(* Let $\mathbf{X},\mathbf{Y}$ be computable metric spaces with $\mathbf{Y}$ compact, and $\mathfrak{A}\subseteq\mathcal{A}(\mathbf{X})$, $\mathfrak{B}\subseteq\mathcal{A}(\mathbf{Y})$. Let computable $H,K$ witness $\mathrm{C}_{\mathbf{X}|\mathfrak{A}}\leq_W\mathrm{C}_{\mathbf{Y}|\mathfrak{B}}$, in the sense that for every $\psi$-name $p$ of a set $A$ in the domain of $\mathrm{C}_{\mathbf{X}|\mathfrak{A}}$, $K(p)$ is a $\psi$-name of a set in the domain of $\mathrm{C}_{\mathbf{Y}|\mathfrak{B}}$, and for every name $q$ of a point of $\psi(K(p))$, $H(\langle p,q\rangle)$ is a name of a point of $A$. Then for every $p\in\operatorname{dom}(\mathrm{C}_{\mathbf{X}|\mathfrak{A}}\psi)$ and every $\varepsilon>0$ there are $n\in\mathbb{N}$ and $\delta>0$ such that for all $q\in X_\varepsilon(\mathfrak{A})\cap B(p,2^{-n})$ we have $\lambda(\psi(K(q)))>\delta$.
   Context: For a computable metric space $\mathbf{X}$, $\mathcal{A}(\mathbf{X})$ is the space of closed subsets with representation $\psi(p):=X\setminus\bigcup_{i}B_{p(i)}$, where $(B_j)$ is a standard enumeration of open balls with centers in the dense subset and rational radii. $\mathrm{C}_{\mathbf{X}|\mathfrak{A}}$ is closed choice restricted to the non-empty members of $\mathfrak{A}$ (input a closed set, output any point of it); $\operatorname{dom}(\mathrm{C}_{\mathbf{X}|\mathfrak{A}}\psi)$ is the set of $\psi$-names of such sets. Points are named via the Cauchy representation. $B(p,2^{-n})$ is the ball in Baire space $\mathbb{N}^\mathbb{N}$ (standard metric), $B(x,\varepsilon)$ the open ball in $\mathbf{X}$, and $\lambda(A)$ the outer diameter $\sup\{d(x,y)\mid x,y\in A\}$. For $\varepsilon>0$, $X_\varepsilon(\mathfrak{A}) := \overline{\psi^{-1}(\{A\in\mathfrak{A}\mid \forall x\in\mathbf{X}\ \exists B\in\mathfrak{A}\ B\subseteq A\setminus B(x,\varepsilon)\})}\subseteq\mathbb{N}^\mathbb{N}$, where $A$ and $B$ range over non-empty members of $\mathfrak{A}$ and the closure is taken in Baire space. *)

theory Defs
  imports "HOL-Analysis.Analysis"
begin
++++
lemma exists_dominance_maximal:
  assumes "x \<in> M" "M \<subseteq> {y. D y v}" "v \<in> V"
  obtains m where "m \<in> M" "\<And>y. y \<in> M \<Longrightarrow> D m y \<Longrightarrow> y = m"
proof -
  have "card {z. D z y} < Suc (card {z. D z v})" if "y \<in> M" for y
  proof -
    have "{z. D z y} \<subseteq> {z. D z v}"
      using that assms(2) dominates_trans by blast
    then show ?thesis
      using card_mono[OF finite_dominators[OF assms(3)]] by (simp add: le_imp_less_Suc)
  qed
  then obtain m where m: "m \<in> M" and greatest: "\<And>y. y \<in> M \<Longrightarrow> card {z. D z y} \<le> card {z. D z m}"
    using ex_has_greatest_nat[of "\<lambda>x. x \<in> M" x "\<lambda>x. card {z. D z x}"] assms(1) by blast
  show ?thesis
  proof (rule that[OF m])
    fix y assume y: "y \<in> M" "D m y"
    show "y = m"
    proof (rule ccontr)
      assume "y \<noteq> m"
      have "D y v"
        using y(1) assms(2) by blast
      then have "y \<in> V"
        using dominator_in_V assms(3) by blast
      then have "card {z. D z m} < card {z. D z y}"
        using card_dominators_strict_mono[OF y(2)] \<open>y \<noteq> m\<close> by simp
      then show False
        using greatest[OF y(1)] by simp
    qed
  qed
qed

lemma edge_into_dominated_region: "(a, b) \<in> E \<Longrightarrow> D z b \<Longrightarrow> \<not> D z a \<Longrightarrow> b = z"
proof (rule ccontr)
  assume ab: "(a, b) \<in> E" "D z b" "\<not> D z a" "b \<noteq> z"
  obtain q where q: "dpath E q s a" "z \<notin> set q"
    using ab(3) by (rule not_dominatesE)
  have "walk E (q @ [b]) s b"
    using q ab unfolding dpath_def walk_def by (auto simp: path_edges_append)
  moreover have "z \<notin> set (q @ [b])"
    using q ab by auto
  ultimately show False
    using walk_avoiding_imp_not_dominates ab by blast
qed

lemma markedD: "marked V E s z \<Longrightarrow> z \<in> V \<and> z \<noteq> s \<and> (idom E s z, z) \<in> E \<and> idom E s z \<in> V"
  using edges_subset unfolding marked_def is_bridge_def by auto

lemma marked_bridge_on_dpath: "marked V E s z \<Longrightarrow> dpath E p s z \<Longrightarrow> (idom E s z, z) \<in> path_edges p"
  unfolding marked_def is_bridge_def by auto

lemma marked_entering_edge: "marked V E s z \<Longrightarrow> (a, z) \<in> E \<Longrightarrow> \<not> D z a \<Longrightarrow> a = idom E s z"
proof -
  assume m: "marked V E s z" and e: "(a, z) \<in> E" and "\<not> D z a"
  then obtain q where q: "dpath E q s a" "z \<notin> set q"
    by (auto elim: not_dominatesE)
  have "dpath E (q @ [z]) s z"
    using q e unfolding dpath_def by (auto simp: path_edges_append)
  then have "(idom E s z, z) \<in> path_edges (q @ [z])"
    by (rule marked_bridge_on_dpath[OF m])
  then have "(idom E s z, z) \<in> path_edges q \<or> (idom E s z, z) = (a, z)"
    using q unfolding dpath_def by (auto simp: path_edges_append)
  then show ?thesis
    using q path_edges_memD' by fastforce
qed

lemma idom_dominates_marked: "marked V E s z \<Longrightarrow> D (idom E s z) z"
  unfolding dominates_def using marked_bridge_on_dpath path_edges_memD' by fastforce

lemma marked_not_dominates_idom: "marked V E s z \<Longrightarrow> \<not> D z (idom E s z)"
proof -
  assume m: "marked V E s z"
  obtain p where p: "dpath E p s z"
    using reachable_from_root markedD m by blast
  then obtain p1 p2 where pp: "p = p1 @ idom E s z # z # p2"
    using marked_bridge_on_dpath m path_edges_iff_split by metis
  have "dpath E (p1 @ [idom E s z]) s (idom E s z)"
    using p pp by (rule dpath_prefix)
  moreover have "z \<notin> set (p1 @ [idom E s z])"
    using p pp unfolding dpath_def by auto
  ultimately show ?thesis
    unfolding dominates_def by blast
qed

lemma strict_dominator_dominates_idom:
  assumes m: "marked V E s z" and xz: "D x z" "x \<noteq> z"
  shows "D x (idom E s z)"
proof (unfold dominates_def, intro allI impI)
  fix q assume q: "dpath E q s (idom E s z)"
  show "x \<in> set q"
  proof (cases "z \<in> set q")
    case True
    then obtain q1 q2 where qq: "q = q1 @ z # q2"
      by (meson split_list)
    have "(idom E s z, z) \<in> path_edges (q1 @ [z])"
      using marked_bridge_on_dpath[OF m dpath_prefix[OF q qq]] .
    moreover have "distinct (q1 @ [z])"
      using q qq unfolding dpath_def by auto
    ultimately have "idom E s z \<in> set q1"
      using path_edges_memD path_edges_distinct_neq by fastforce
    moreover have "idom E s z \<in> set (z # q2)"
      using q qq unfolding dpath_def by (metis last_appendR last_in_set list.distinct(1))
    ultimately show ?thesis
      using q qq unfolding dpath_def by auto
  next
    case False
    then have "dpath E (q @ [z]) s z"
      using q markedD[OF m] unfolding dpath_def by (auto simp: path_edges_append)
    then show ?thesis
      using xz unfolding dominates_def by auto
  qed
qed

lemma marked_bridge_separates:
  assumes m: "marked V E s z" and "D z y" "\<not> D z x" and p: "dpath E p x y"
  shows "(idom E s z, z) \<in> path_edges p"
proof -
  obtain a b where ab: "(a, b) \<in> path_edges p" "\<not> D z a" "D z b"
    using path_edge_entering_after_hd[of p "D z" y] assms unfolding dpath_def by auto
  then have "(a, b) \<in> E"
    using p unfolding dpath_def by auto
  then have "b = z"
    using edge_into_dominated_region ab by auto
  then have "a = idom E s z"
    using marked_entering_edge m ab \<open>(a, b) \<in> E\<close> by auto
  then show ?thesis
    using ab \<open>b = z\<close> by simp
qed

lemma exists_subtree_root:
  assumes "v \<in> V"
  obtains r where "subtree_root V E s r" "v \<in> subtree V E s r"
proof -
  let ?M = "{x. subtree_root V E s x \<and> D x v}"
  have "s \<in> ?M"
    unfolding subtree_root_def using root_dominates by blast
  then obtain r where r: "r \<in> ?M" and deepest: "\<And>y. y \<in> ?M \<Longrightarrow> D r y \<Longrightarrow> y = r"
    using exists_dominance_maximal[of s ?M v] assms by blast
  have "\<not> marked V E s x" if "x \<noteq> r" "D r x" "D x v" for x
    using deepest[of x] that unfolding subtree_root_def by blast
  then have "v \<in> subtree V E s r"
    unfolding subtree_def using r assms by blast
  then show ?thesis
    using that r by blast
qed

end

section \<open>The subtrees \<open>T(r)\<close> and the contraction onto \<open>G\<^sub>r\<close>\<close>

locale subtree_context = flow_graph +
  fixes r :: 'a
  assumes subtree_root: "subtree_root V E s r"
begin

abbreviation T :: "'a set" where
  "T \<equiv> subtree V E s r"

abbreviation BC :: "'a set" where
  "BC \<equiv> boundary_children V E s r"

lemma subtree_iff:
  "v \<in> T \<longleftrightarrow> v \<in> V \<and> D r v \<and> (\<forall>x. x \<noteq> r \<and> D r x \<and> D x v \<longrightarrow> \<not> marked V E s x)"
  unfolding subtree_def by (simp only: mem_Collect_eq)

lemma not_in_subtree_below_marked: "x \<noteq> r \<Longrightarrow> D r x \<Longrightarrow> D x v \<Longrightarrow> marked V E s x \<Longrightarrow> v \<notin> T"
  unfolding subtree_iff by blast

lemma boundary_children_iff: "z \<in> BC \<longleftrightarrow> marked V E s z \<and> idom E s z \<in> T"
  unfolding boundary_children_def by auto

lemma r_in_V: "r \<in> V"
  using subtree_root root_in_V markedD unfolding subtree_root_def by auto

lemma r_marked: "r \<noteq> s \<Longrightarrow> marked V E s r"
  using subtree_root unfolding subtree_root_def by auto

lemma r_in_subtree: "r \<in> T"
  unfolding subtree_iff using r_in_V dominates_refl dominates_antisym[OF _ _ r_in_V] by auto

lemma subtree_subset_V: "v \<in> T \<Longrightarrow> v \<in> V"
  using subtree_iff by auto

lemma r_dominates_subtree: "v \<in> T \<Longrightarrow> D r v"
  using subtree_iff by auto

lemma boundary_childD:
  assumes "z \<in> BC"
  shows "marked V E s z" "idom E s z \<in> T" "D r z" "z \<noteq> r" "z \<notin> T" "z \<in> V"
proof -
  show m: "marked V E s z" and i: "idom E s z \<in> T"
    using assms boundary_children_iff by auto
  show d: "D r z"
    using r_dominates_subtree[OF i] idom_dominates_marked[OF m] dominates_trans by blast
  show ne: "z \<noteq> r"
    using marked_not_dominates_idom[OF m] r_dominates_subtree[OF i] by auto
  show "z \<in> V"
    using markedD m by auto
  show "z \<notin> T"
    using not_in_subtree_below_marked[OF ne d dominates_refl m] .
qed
++++
Try it - Print exactly the lines of the listing above starting at the line containing "using p unfolding dpath_def by auto" and ending at the line containing "unfolding subtree_def using", both included.

Reply -
    using p unfolding dpath_def by auto
  then have "b = z"
    using edge_into_dominated_region ab by auto
  then have "a = idom E s z"
    using marked_entering_edge m ab \<open>(a, b) \<in> E\<close> by auto
  then show ?thesis
    using ab \<open>b = z\<close> by simp
qed

lemma exists_subtree_root:
  assumes "v \<in> V"
  obtains r where "subtree_root V E s r" "v \<in> subtree V E s r"
proof -
  let ?M = "{x. subtree_root V E s x \<and> D x v}"
  have "s \<in> ?M"
    unfolding subtree_root_def using root_dominates by blast
  then obtain r where r: "r \<in> ?M" and deepest: "\<And>y. y \<in> ?M \<Longrightarrow> D r y \<Longrightarrow> y = r"
    using exists_dominance_maximal[of s ?M v] assms by blast
  have "\<not> marked V E s x" if "x \<noteq> r" "D r x" "D x v" for x
    using deepest[of x] that unfolding subtree_root_def by blast
  then have "v \<in> subtree V E s r"
    unfolding subtree_def using r assms by blast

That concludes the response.